Why doesn’t every helmet have this?  The technology is new and there is still some debate about the additional protection it provides.

The nice thing about adding MIPS to a helmet is that it does not change the structural integrity of it.

It does add additional costs but the weight penalty is a mere 20 grams.  I feel the cost and the weight is a big part of the reluctance from other manufacturers to put the technology into their top of the line race helmets.  Many cyclists looking for top of the line equipment spend too much time focused on a few grams here or there.  Total weight of the Scott Helmet was claimed at 260 Grams.

The Scott Arx plus cycling helmet is a conservatively style available in either White/Grey or Black/Red.  The retention system is very good and uses a larger adjustment dial on the back of the fit system. I found on the fly adjustments really easy to do with either hand. It’s probably 40 grams heavier than some of its competition but I felt the weight was not a detriment.
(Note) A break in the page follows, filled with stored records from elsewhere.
lemma corr_iso_inverse:
  assumes iso: "corr_iso X la ra rX sX Y lb rb rY sY f"
    and la_in: "\<And>h x. x \<in> topspace X \<Longrightarrow> la h x \<in> topspace X"
    and ra_in: "\<And>g x. x \<in> topspace X \<Longrightarrow> ra x g \<in> topspace X"
  shows "\<exists>f'. corr_iso Y lb rb rY sY X la ra rX sX f'"
proof -
  obtain f' where "homeomorphic_maps X Y f f'"
    using iso unfolding corr_iso_def homeomorphic_map_maps by blast
  then have hom': "homeomorphic_map Y X f'"
    and f'_f: "\<And>x. x \<in> topspace X \<Longrightarrow> f' (f x) = x"
    and f_f': "\<And>y. y \<in> topspace Y \<Longrightarrow> f (f' y) = y"
    and f'_in: "\<And>y. y \<in> topspace Y \<Longrightarrow> f' y \<in> topspace X"
    unfolding homeomorphic_maps_map by (auto dest: homeomorphic_imp_surjective_map)
  have lb_f: "\<And>h x. x \<in> topspace X \<Longrightarrow> lb h (f x) = f (la h x)"
    and rb_f: "\<And>g x. x \<in> topspace X \<Longrightarrow> rb (f x) g = f (ra x g)"
    and rY_f: "\<And>x. x \<in> topspace X \<Longrightarrow> rY (f x) = rX x"
    and sY_f: "\<And>x. x \<in> topspace X \<Longrightarrow> sY (f x) = sX x"
    using iso unfolding corr_iso_def by auto
  have "corr_iso Y lb rb rY sY X la ra rX sX f'"
    unfolding corr_iso_def
  proof (intro conjI allI ballI hom')
    fix g h y assume y: "y \<in> topspace Y"
    then have y_eq: "y = f (f' y)" and x: "f' y \<in> topspace X"
      by (simp_all add: f_f' f'_in)
    show "f' (lb h y) = la h (f' y)"
      using x by (subst y_eq) (simp add: lb_f f'_f la_in)
    show "f' (rb y g) = ra (f' y) g"
      using x by (subst y_eq) (simp add: rb_f f'_f ra_in)
    show "rX (f' y) = rY y"
      using x by (subst (2) y_eq) (simp add: rY_f)
    show "sX (f' y) = sY y"
      using x by (subst (2) y_eq) (simp add: sY_f)
  qed
  then show ?thesis by blast
qed

lemma commuting_left_action_coordinates:
  fixes ra :: "'x \<Rightarrow> 'g::group_add \<Rightarrow> 'x"
  assumes la_act: "left_action la T" and ra_act: "right_action ra T"
    and la_ra: "\<And>g h x. x \<in> T \<Longrightarrow> la h (ra x g) = ra (la h x) g"
    and E_T: "E \<subseteq> T" and bij: "bij_betw (\<lambda>(e, g). ra e g) (E \<times> UNIV) T"
  obtains Eact phi where "left_action (cX_la Eact phi) (E \<times> UNIV)"
    and "\<And>h e. e \<in> E \<Longrightarrow> la h e = ra (Eact h e) (phi h e)"
    and "\<And>h x. x \<in> E \<times> UNIV \<Longrightarrow>
           (\<lambda>(e, g). ra e g) (cX_la Eact phi h x) = la h ((\<lambda>(e, g). ra e g) x)"
proof -
  have la_in: "\<And>h x. x \<in> T \<Longrightarrow> la h x \<in> T"
    using la_act unfolding left_action_def by blast
  have ra_add: "\<And>g h x. x \<in> T \<Longrightarrow> ra x (g + h) = ra (ra x g) h"
    using ra_act unfolding right_action_def by auto
  define coord where "coord = inv_into (E \<times> UNIV) (\<lambda>(e, g). ra e g)"
  have coord: "coord x \<in> E \<times> UNIV" "x = (\<lambda>(e, g). ra e g) (coord x)" if "x \<in> T" for x
    using that bij bij_betw_inv_into_right[OF bij] unfolding coord_def
    by (auto intro: inv_into_into simp: bij_betw_def)
  define Eact where "Eact h e = fst (coord (la h e))" for h e
  define phi where "phi h e = snd (coord (la h e))" for h e
  have Eact_in: "Eact h e \<in> E" and la_eq: "la h e = ra (Eact h e) (phi h e)" if "e \<in> E" for h e
  proof -
    have "la h e \<in> T"
      using that E_T la_in by blast
    then show "Eact h e \<in> E" "la h e = ra (Eact h e) (phi h e)"
      using coord unfolding Eact_def phi_def by (auto simp: mem_Times_iff case_prod_beta)
  qed
  have intertwine: "(\<lambda>(e, g). ra e g) (cX_la Eact phi h x) = la h ((\<lambda>(e, g). ra e g) x)"
    if xE: "x \<in> E \<times> UNIV" for h x
  proof -
    obtain e g where x: "x = (e, g)" and e: "e \<in> E" "e \<in> T"
      using xE E_T by auto
    have "la h (ra e g) = ra (ra (Eact h e) (phi h e)) g"
      using e by (simp add: la_ra la_eq)
    also have "\<dots> = ra (Eact h e) (phi h e + g)"
      using e E_T Eact_in by (simp add: ra_add subset_iff)
    finally show ?thesis
      by (simp add: x cX_la_def)
  qed
  have "left_action (cX_la Eact phi) (E \<times> UNIV)"
    using la_act bij intertwine Eact_in
    by (intro left_action_pullback[where p = "\<lambda>(e, g). ra e g"]) (auto simp: cX_la_def)
  with la_eq intertwine show ?thesis
    using that by blast
qed

lemma is_corr_iso_cX:
  fixes act :: "'g::group_add \<Rightarrow> 'v \<Rightarrow> 'v" and X :: "'x topology"
  assumes act0: "\<And>v. act 0 v = v"
    and act_add: "\<And>g h v. act (g + h) v = act g (act h v)"
    and corr: "is_corr act X la ra rX sX"
  shows "\<exists>(E :: 'x set) Eact phi rE sE f. cocycle_data act E Eact phi rE sE \<and>
           corr_iso X la ra rX sX (cX_top E) (cX_la Eact phi) cX_ra (cX_r rE) (cX_s act sE) f"
proof -
  define T where "T = topspace X"
  have la_act: "left_action la T" and ra_act: "right_action ra T"
    and rX_la: "\<And>h x. x \<in> T \<Longrightarrow> rX (la h x) = act h (rX x)"
    and sX_ra: "\<And>g x. x \<in> T \<Longrightarrow> sX (ra x g) = act (- g) (sX x)"
    and la_ra: "\<And>g h x. x \<in> T \<Longrightarrow> la h (ra x g) = ra (la h x) g"
    and rX_ra: "\<And>g x. x \<in> T \<Longrightarrow> rX (ra x g) = rX x"
    and sX_la: "\<And>h x. x \<in> T \<Longrightarrow> sX (la h x) = sX x"
    and loc_homeo: "local_homeomorphism_map X (discrete_topology UNIV) sX"
    and ra_inj: "inj_on (\<lambda>(x, g). (ra x g, x)) (T \<times> UNIV)"
    using corr unfolding is_corr_def T_def by auto
  have ra_add: "\<And>g h x. x \<in> T \<Longrightarrow> ra x (g + h) = ra (ra x g) h"
    using ra_act unfolding right_action_def by auto
  have "\<And>x g g'. x \<in> T \<Longrightarrow> ra x g = ra x g' \<Longrightarrow> g = g'"
    using ra_inj unfolding inj_on_def by auto
  then obtain E where E_T: "E \<subseteq> T"
    and bij: "bij_betw (\<lambda>(e, g). ra e g) (E \<times> UNIV) T"
    using free_right_action_transversal[OF ra_act] by blast
  obtain Eact phi where la_cX: "left_action (cX_la Eact phi) (E \<times> UNIV)"
    and la_eq: "\<And>h e. e \<in> E \<Longrightarrow> la h e = ra (Eact h e) (phi h e)"
    and intertwine: "\<And>h x. x \<in> E \<times> UNIV \<Longrightarrow>
           (\<lambda>(e, g). ra e g) (cX_la Eact phi h x) = la h ((\<lambda>(e, g). ra e g) x)"
    using commuting_left_action_coordinates[OF la_act ra_act la_ra E_T bij] by blast
  have "left_action Eact E"
    using la_cX left_action_cX_la_iff by blast
  then have Eact_in: "\<And>h e. e \<in> E \<Longrightarrow> Eact h e \<in> E"
    unfolding left_action_def by blast
  have "sX (Eact h e) = act (phi h e) (sX e)" if "e \<in> E" for h e
  proof -
    have "sX e = act (- phi h e) (sX (Eact h e))"
      using that E_T Eact_in by (metis la_eq sX_la sX_ra subsetD)
    then show ?thesis
      by (simp flip: act_add add: act0)
  qed
  moreover have "rX (Eact h e) = act h (rX e)" if "e \<in> E" for h e
    using that E_T Eact_in by (metis la_eq rX_la rX_ra subsetD)
  ultimately have cd: "cocycle_data act E Eact phi rX sX"
    using la_cX unfolding cocycle_data_def left_action_cX_la_iff by blast
  have X_discrete: "X = discrete_topology T"
    using local_homeomorphism_map_into_discrete_imp_discrete[OF loc_homeo] by (simp add: T_def)
  have "corr_iso (cX_top E) (cX_la Eact phi) cX_ra (cX_r rX) (cX_s act sX)
      X la ra rX sX (\<lambda>(e, g). ra e g)"
    unfolding corr_iso_def
    using bij intertwine E_T
    by (auto simp: X_discrete cX_top_def homeomorphic_map_discrete_topology_iff
        cX_ra_def cX_r_def cX_s_def ra_add rX_ra sX_ra)
  then have "\<exists>f. corr_iso X la ra rX sX (cX_top E) (cX_la Eact phi) cX_ra (cX_r rX) (cX_s act sX) f"
    using Eact_in by (intro corr_iso_inverse) (auto simp: cX_top_def cX_la_def cX_ra_def)
  with cd show ?thesis
    by blast
qed

lemma cX_ra_equivariant_bij_betw:
  fixes f :: "'e \<times> 'g::group_add \<Rightarrow> 'f \<times> 'g"
  assumes bij: "bij_betw f (E \<times> UNIV) (E' \<times> UNIV)"
    and equivariant: "\<And>x g. x \<in> E \<times> UNIV \<Longrightarrow> f (cX_ra x g) = cX_ra (f x) g"
  obtains \<tau> k where "bij_betw \<tau> E E'" and "\<And>e g. e \<in> E \<Longrightarrow> f (e, g) = (\<tau> e, k e + g)"
proof -
  define \<tau> where "\<tau> e = fst (f (e, 0))" for e
  define k where "k e = snd (f (e, 0))" for e
  have f_eq: "f (e, g) = (\<tau> e, k e + g)" if "e \<in> E" for e g
    using equivariant[of "(e, 0)" g] that by (simp add: cX_ra_def \<tau>_def k_def)
  have "bij_betw \<tau> E E'"
    unfolding bij_betw_def
  proof
    show "inj_on \<tau> E"
    proof (rule inj_onI)
      fix a b assume ab: "a \<in> E" "b \<in> E" "\<tau> a = \<tau> b"
      then have "f (a, - k a) = f (b, - k b)"
        by (simp add: f_eq)
      then show "a = b"
        using bij ab unfolding bij_betw_def inj_on_def by blast
    qed
    show "\<tau> ` E = E'"
    proof
      have "f (e, 0) \<in> E' \<times> UNIV" if "e \<in> E" for e
        using bij_betw_apply[OF bij] that by simp
      then show "\<tau> ` E \<subseteq> E'"
        by (auto simp: \<tau>_def mem_Times_iff)
      show "E' \<subseteq> \<tau> ` E"
      proof
        fix e' assume "e' \<in> E'"
        then have "(e', 0) \<in> f ` (E \<times> UNIV)"
          using bij unfolding bij_betw_def by simp
        then obtain e g where "e \<in> E" "f (e, g) = (e', 0)"
          by auto
        then show "e' \<in> \<tau> ` E"
          by (metis f_eq fst_conv image_eqI)
      qed
    qed
  qed
  with f_eq show ?thesis
    using that by blast
qed

lemma corr_iso_cX_imp_cohomologous:
  fixes act :: "'g::group_add \<Rightarrow> 'v \<Rightarrow> 'v" and E :: "'e set" and E' :: "'f set"
  assumes act0: "\<And>v. act 0 v = v"
    and act_add: "\<And>g h v. act (g + h) v = act g (act h v)"
    and Eact: "left_action Eact E"
    and iso: "corr_iso (cX_top E) (cX_la Eact phi) cX_ra (cX_r rE) (cX_s act sE)
                       (cX_top E') (cX_la Eact' phi') cX_ra (cX_r rE') (cX_s act sE') f"
  shows "\<exists>\<tau> (\<psi> :: 'e \<Rightarrow> 'g).
           bij_betw \<tau> E E' \<and>
           (\<forall>h. \<forall>e\<in>E. \<tau> (Eact h e) = Eact' h (\<tau> e)) \<and>
           (\<forall>e\<in>E. rE' (\<tau> e) = rE e) \<and>
           (\<forall>e\<in>E. sE' (\<tau> e) = act (- \<psi> e) (sE e)) \<and>
           (\<forall>h. \<forall>e\<in>E. phi' h (\<tau> e) = - \<psi> (Eact h e) + phi h e + \<psi> e)"
proof -
  have bij: "bij_betw f (E \<times> UNIV) (E' \<times> UNIV)"
    and f_la: "\<And>h x. x \<in> E \<times> UNIV \<Longrightarrow> f (cX_la Eact phi h x) = cX_la Eact' phi' h (f x)"
    and f_ra: "\<And>g x. x \<in> E \<times> UNIV \<Longrightarrow> f (cX_ra x g) = cX_ra (f x) g"
    and f_r: "\<And>x. x \<in> E \<times> UNIV \<Longrightarrow> cX_r rE' (f x) = cX_r rE x"
    and f_s: "\<And>x. x \<in> E \<times> UNIV \<Longrightarrow> cX_s act sE' (f x) = cX_s act sE x"
    using iso unfolding corr_iso_def cX_top_def homeomorphic_map_discrete_topology_iff by auto
  obtain \<tau> k where "bij_betw \<tau> E E'" and f_eq: "\<And>e g. e \<in> E \<Longrightarrow> f (e, g) = (\<tau> e, k e + g)"
    using cX_ra_equivariant_bij_betw[OF bij f_ra] by blast
  moreover have "\<tau> (Eact h e) = Eact' h (\<tau> e) \<and>
      phi' h (\<tau> e) = k (Eact h e) + phi h e + - k e" if e: "e \<in> E" for h e
  proof -
    have "Eact h e \<in> E"
      using Eact e unfolding left_action_def by blast
    then have "(\<tau> (Eact h e), k (Eact h e) + phi h e) = (Eact' h (\<tau> e), phi' h (\<tau> e) + k e)"
      using f_la[of "(e, 0)" h] e by (simp add: cX_la_def f_eq)
    then show ?thesis
      by (simp add: add.assoc eq_diff_eq)
  qed
  moreover have "rE' (\<tau> e) = rE e" if "e \<in> E" for e
    using f_r[of "(e, 0)"] that by (simp add: cX_r_def f_eq)
  moreover have "sE' (\<tau> e) = act (k e) (sE e)" if "e \<in> E" for e
  proof -
    have "act (- k e) (sE' (\<tau> e)) = sE e"
      using f_s[of "(e, 0)"] that by (simp add: cX_s_def f_eq act0)
    then show ?thesis
      by (metis act0 act_add add.right_inverse)
  qed
  ultimately show ?thesis
    by (intro exI[of _ \<tau>] exI[of _ "\<lambda>e. - k e"]) simp
qed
The Micro Rotary Adjustment System II is a solid retention system and that leads to the comfort being so high. (Looking for a place to ride? Everyone Rides, Everyone Gives a Little!)

The padding is ample (again, very comfortable) however as I am bald (by choice of course) I am more likely to have sweat coming down my forehead and into my face.  If you have hair or you’re not a really sweaty person this may not be an issue for you.  For me, I need better sweat retention setup.  I’ve used 3 or 4 different styles of sunglasses and the helmet has played nicely with all of them including some of the largest pairs I own.  The shape of the vents makes it tough to store sunglasses upfront.  I typically put mine into the back of the helmet so it wasn’t a big deal.
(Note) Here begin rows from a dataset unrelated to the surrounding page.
lemma sinh_le_linear:
  fixes a t :: real
  assumes "0 \<le> t" "t \<le> 1" "0 \<le> a"
  shows "sinh (t * a) \<le> t * sinh a"
proof -
  have "convex_on {0..} (sinh :: real \<Rightarrow> real)"
    by (rule f''_ge0_imp_convex[where f' = cosh and f'' = sinh])
       (auto intro!: derivative_eq_intros)
  from convex_onD[OF this, of t 0 a] show ?thesis
    using assms by simp
qed

lemma one_plus_sq_mult_exp_le: "(1 + (a::real)\<^sup>2) * exp (- ((a - 1)\<^sup>2 / 2)) \<le> 343 / 100"
proof -
  have "1 + a\<^sup>2 \<le> 343 / 100 * (1 + (a - 1)\<^sup>2 / 2)"
    using zero_le_power2[of "a - 343/143"] by (simp add: power2_eq_square field_simps)
  also have "\<dots> \<le> 343 / 100 * exp ((a - 1)\<^sup>2 / 2)"
    by (intro mult_left_mono exp_ge_add_one_self) simp
  finally show ?thesis
    by (simp add: exp_minus field_simps)
qed

lemma exp_half_le: "343 / 100 * exp (1/2 :: real) \<le> 2 * sqrt (2 * pi) + 2 * exp (- 1/2)"
proof -
  define E where "E = exp (1/2 :: real)"
  have sqrt_pi: "2.505 \<le> sqrt (2 * pi)"
    using pi_approx by (intro real_le_rsqrt) (simp add: power2_eq_square)
  have E_ge: "1.5 \<le> E"
    unfolding E_def using exp_ge_add_one_self[of "1/2 :: real"] by simp
  have "E * E = exp 1"
    unfolding E_def by (simp flip: exp_add)
  also have "\<dots> \<le> 2.7183"
    using e_approx_32 by (simp add: abs_if split: if_splits)
  finally have "343 / 100 * E * E \<le> 2 * 2.505 * 1.5 + 2"
    by simp
  also have "\<dots> \<le> 2 * sqrt (2 * pi) * E + 2"
    using sqrt_pi E_ge by (intro add_right_mono mult_mono) auto
  finally have "343 / 100 * E \<le> 2 * sqrt (2 * pi) + 2 / E"
    using E_ge by (simp add: field_simps)
  moreover have "2 / E = 2 * exp (- 1 / 2)"
    unfolding E_def by (simp add: exp_minus inverse_eq_divide)
  ultimately show ?thesis
    unfolding E_def by simp
qed

lemma std_normal_density_diff_eq:
  "std_normal_density (a - t) - std_normal_density (a + t)
     = 2 * exp (- (a\<^sup>2 + t\<^sup>2) / 2) * sinh (t * a) / sqrt (2 * pi)"
proof -
  have "- (a - t)\<^sup>2 / 2 = - (a\<^sup>2 + t\<^sup>2) / 2 + t * a"
       "- (a + t)\<^sup>2 / 2 = - (a\<^sup>2 + t\<^sup>2) / 2 + - (t * a)"
    by (simp_all add: power2_eq_square field_simps)
  then have "exp (- (a - t)\<^sup>2 / 2) - exp (- (a + t)\<^sup>2 / 2)
      = exp (- (a\<^sup>2 + t\<^sup>2) / 2) * (exp (t * a) - exp (- (t * a)))"
    unfolding right_diff_distrib by (simp only: exp_add)
  then show ?thesis
    by (simp add: std_normal_density_def sinh_def flip: diff_divide_distrib)
qed

lemma std_normal_density_diff_le:
  assumes a: "1 \<le> a" and t: "0 \<le> t" "t \<le> 1"
  shows "(1 + a\<^sup>2 - t\<^sup>2) * (std_normal_density (a - t) - std_normal_density (a + t))
           \<le> 2 * t * (1 + std_normal_density 1)"
proof -
  define s where "s = sqrt (2 * pi)"
  have s: "0 < s"
    by (simp add: s_def)
  note diff = std_normal_density_diff_eq[of a t, folded s_def]
  have "0 \<le> std_normal_density (a - t) - std_normal_density (a + t)"
    unfolding diff using a t s by (intro divide_nonneg_pos mult_nonneg_nonneg) auto
  then have "(1 + a\<^sup>2 - t\<^sup>2) * (std_normal_density (a - t) - std_normal_density (a + t))
               \<le> (1 + a\<^sup>2) * (2 * exp (- (a\<^sup>2 + t\<^sup>2) / 2) * sinh (t * a) / s)"
    unfolding diff by (intro mult_right_mono) auto
  also have "\<dots> \<le> (1 + a\<^sup>2) * (exp (- a\<^sup>2 / 2) * (t * exp a) / s)"
  proof -
    have "2 * sinh (t * a) \<le> t * (2 * sinh a)"
      using sinh_le_linear[OF t, of a] a by simp
    also have "\<dots> \<le> t * exp a"
      using t by (intro mult_left_mono) (simp_all add: sinh_def)
    finally have sinh_bound: "2 * sinh (t * a) \<le> t * exp a" .
    have "exp (- (a\<^sup>2 + t\<^sup>2) / 2) * (2 * sinh (t * a)) \<le> exp (- a\<^sup>2 / 2) * (t * exp a)"
      by (rule mult_mono[OF _ sinh_bound]) (use a t in auto)
    then show ?thesis
      using s by (intro mult_left_mono divide_right_mono) auto
  qed
  also have "\<dots> = t / s * ((1 + a\<^sup>2) * exp (- ((a - 1)\<^sup>2 / 2)) * exp (1/2))"
    by (simp add: field_simps power2_eq_square flip: exp_add)
  also have "\<dots> \<le> t / s * (343 / 100 * exp (1/2))"
    using s t one_plus_sq_mult_exp_le[of a] by (intro mult_left_mono mult_right_mono) auto
  also have "\<dots> \<le> t / s * (2 * s + 2 * exp (- 1/2))"
    using s t exp_half_le by (intro mult_left_mono) (auto simp: s_def)
  also have "\<dots> = 2 * t * (1 + std_normal_density 1)"
    using s by (simp add: std_normal_density_def s_def field_simps)
  finally show ?thesis .
qed

lemma std_normal_density_diff_sign:
  assumes "0 \<le> a"
  shows "0 \<le> x * (std_normal_density (a - x) - std_normal_density (a + x))"
proof (cases "0 \<le> x")
  case True
  then have "std_normal_density (a + x) \<le> std_normal_density (a - x)"
    using assms by (intro std_normal_density_le_if_sq_le) (simp add: power2_eq_square algebra_simps)
  then show ?thesis
    using True by simp
next
  case False
  then have "std_normal_density (a - x) \<le> std_normal_density (a + x)"
    using assms by (intro std_normal_density_le_if_sq_le)
                   (simp add: power2_eq_square algebra_simps mult_nonneg_nonpos)
  then show ?thesis
    using False by (simp add: mult_nonpos_nonpos)
qed

lemma ge_at_zero_if_derivative_sign:
  fixes f f' :: "real \<Rightarrow> real"
  assumes deriv: "\<And>x. \<bar>x\<bar> \<le> \<bar>t\<bar> \<Longrightarrow> (f has_real_derivative f' x) (at x)"
    and sign: "\<And>x. \<bar>x\<bar> \<le> \<bar>t\<bar> \<Longrightarrow> 0 \<le> x * f' x"
  shows "f 0 \<le> f t"
proof -
  have "isCont f x" if "\<bar>x\<bar> \<le> \<bar>t\<bar>" for x
    using deriv[OF that] by (rule DERIV_isCont)
  then have cont: "continuous_on {min 0 t..max 0 t} f"
    by (intro continuous_at_imp_continuous_on) auto
  show ?thesis
  proof (cases "0 \<le> t")
    case True
    show ?thesis
    proof (rule DERIV_nonneg_imp_increasing_open[OF True])
      fix x assume "0 < x" "x < t"
      then show "\<exists>y. DERIV f x :> y \<and> 0 \<le> y"
        using deriv[of x] sign[of x] by (auto simp: zero_le_mult_iff)
    qed (use cont True in simp)
  next
    case False
    show ?thesis
    proof (rule DERIV_nonpos_imp_decreasing_open[of t 0])
      fix x assume "t < x" "x < 0"
      then show "\<exists>y. DERIV f x :> y \<and> y \<le> 0"
        using deriv[of x] sign[of x] by (auto simp: zero_le_mult_iff)
    qed (use cont False in auto)
  qed
qed

lemma trunc_moment_scale:
  assumes "0 < \<sigma>"
  shows "trunc_moment \<theta> \<sigma> \<tau> = \<sigma>\<^sup>2 * trunc_moment (\<theta> / \<sigma>) 1 \<tau>"
proof -
  define F where "F y = normal_density \<theta> \<sigma> y * ((y\<^sup>2 - \<sigma>\<^sup>2) * indicator {y. y\<^sup>2 \<le> \<sigma>\<^sup>2 * \<tau>} y)" for y
  define G where "G x = normal_density (\<theta> / \<sigma>) 1 x * ((x\<^sup>2 - 1\<^sup>2) * indicator {y. y\<^sup>2 \<le> 1\<^sup>2 * \<tau>} x)" for x
  have density: "normal_density \<theta> \<sigma> (\<sigma> * x) = normal_density (\<theta> / \<sigma>) 1 x / \<sigma>" for x
  proof -
    have "(\<sigma> * x - \<theta>)\<^sup>2 / \<sigma>\<^sup>2 = (x - \<theta> / \<sigma>)\<^sup>2"
      using assms by (simp add: power_divide[symmetric] diff_divide_distrib)
    moreover have "sqrt (2 * pi * \<sigma>\<^sup>2) = sqrt (2 * pi) * \<sigma>"
      using assms by (simp add: real_sqrt_mult)
    ultimately show ?thesis
      using assms by (simp add: normal_density_def)
  qed
  have window: "indicator {y. y\<^sup>2 \<le> \<sigma>\<^sup>2 * \<tau>} (\<sigma> * x) = (indicator {y. y\<^sup>2 \<le> 1\<^sup>2 * \<tau>} x :: real)" for x
    using assms by (simp add: indicator_def power_mult_distrib)
  have "F (\<sigma> * x) = \<sigma> * G x" for x
    unfolding F_def G_def density window using assms
    by (simp add: power_mult_distrib field_simps power2_eq_square)
  then have "trunc_moment \<theta> \<sigma> \<tau> = \<bar>\<sigma>\<bar> *\<^sub>R (LINT x|lborel. \<sigma> * G x)"
    unfolding trunc_moment_def F_def[symmetric]
    using lborel_integral_real_affine[of \<sigma> F 0] assms by simp
  then show ?thesis
    using assms by (simp add: trunc_moment_def G_def power2_eq_square)
qed

definition window_prob :: "real \<Rightarrow> real \<Rightarrow> real" where
  "window_prob a \<theta> = (LINT y|lborel. indicator {-a..a} y * std_normal_density (y - \<theta>))"

definition window_moment :: "real \<Rightarrow> real \<Rightarrow> real" where
  "window_moment a \<theta> =
     (LINT y|lborel. indicator {-a..a} y * (std_normal_density (y - \<theta>) * (y\<^sup>2 - 1)))"

lemma trunc_moment_unit_variance: "trunc_moment \<theta> 1 \<tau> = window_moment (sqrt \<tau>) \<theta>"
proof -
  have "y\<^sup>2 \<le> \<tau> \<longleftrightarrow> \<bar>y\<bar> \<le> sqrt \<tau>" for y
  proof
    assume "y\<^sup>2 \<le> \<tau>"
    then show "\<bar>y\<bar> \<le> sqrt \<tau>"
      using real_sqrt_le_mono[of "y\<^sup>2" \<tau>] by simp
  qed (rule sqrt_ge_absD)
  then have "y \<in> {y. y\<^sup>2 \<le> 1\<^sup>2 * \<tau>} \<longleftrightarrow> y \<in> {- sqrt \<tau>..sqrt \<tau>}" for y
    by (simp add: abs_le_iff) linarith
  then have window: "{y. y\<^sup>2 \<le> 1\<^sup>2 * \<tau>} = {- sqrt \<tau>..sqrt \<tau>}"
    by blast
  show ?thesis
    unfolding trunc_moment_def window_moment_def window
    by (rule Bochner_Integration.integral_cong[OF refl]) (simp add: normal_density_unit_variance[of \<theta>])
qed

lemma integrable_indicator_Icc_mult:
  fixes g :: "real \<Rightarrow> real"
  assumes "\<And>x. isCont g x"
  shows "integrable lborel (\<lambda>x. indicator {c..d} x * g x)"
  using borel_integrable_atLeastAtMost[of c d g] assms by (simp add: mult.commute)

lemma integrable_std_normal_density_shift:
  "integrable lborel (\<lambda>y. std_normal_density (y - \<theta>))"
proof -
  have "integrable lborel (normal_density \<theta> 1)"
    by simp
  then show ?thesis
    unfolding normal_density_unit_variance[of \<theta>, abs_def] .
qed

lemma integral_std_normal_density_shift:
  "(LINT y|lborel. std_normal_density (y - \<theta>)) = 1"
proof -
  have "(LINT y|lborel. normal_density \<theta> 1 y) = 1"
    by simp
  then show ?thesis
    unfolding normal_density_unit_variance[of \<theta>] .
qed

lemma integrable_window_prob:
  "integrable lborel (\<lambda>y. indicator {c..d} y * std_normal_density (y - \<theta>))"
  by (intro integrable_indicator_Icc_mult continuous_intros)

lemma integrable_window_moment:
  "integrable lborel (\<lambda>y. indicator {c..d} y * (std_normal_density (y - \<theta>) * (y\<^sup>2 - 1)))"
  by (intro integrable_indicator_Icc_mult continuous_intros)

lemma window_prob_le_one: "window_prob a \<theta> \<le> 1"
proof -
  have "window_prob a \<theta> \<le> (LINT y|lborel. std_normal_density (y - \<theta>))"
    unfolding window_prob_def
    by (rule integral_mono[OF integrable_window_prob integrable_std_normal_density_shift])
       (auto simp: indicator_def less_imp_le[OF std_normal_density_pos])
  then show ?thesis
    by (simp add: integral_std_normal_density_shift)
qed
Airflow through the helmet is really good but I wouldn’t call it great.  I did take this helmet on a 6 hour, 130 mile ride in the middle of July and I never gave it a second thought after putting it on. It isn’t the most aerodynamic and it doesn’t have the best airflow. It doesn’t have the best sweat retention I’ve ever used. I have 5 helmets and the Scott Arx Plus is my first choice the majority of the time. It isn’t the best at any of the features above but it does everything really well. Super comfortable, easy to use and plays nice with all of my sunglasses (including the huge new Oakley Jawbreakers).  The biggest advantage to this helmet is the price. Most of it’s competition is $75-125.00 more than the $149.00 Scott Arx Plus. That price makes this helmet the least expensive lid in my garage and knowing it has the added security of the MIPS technology, it makes this helmet a no brainer.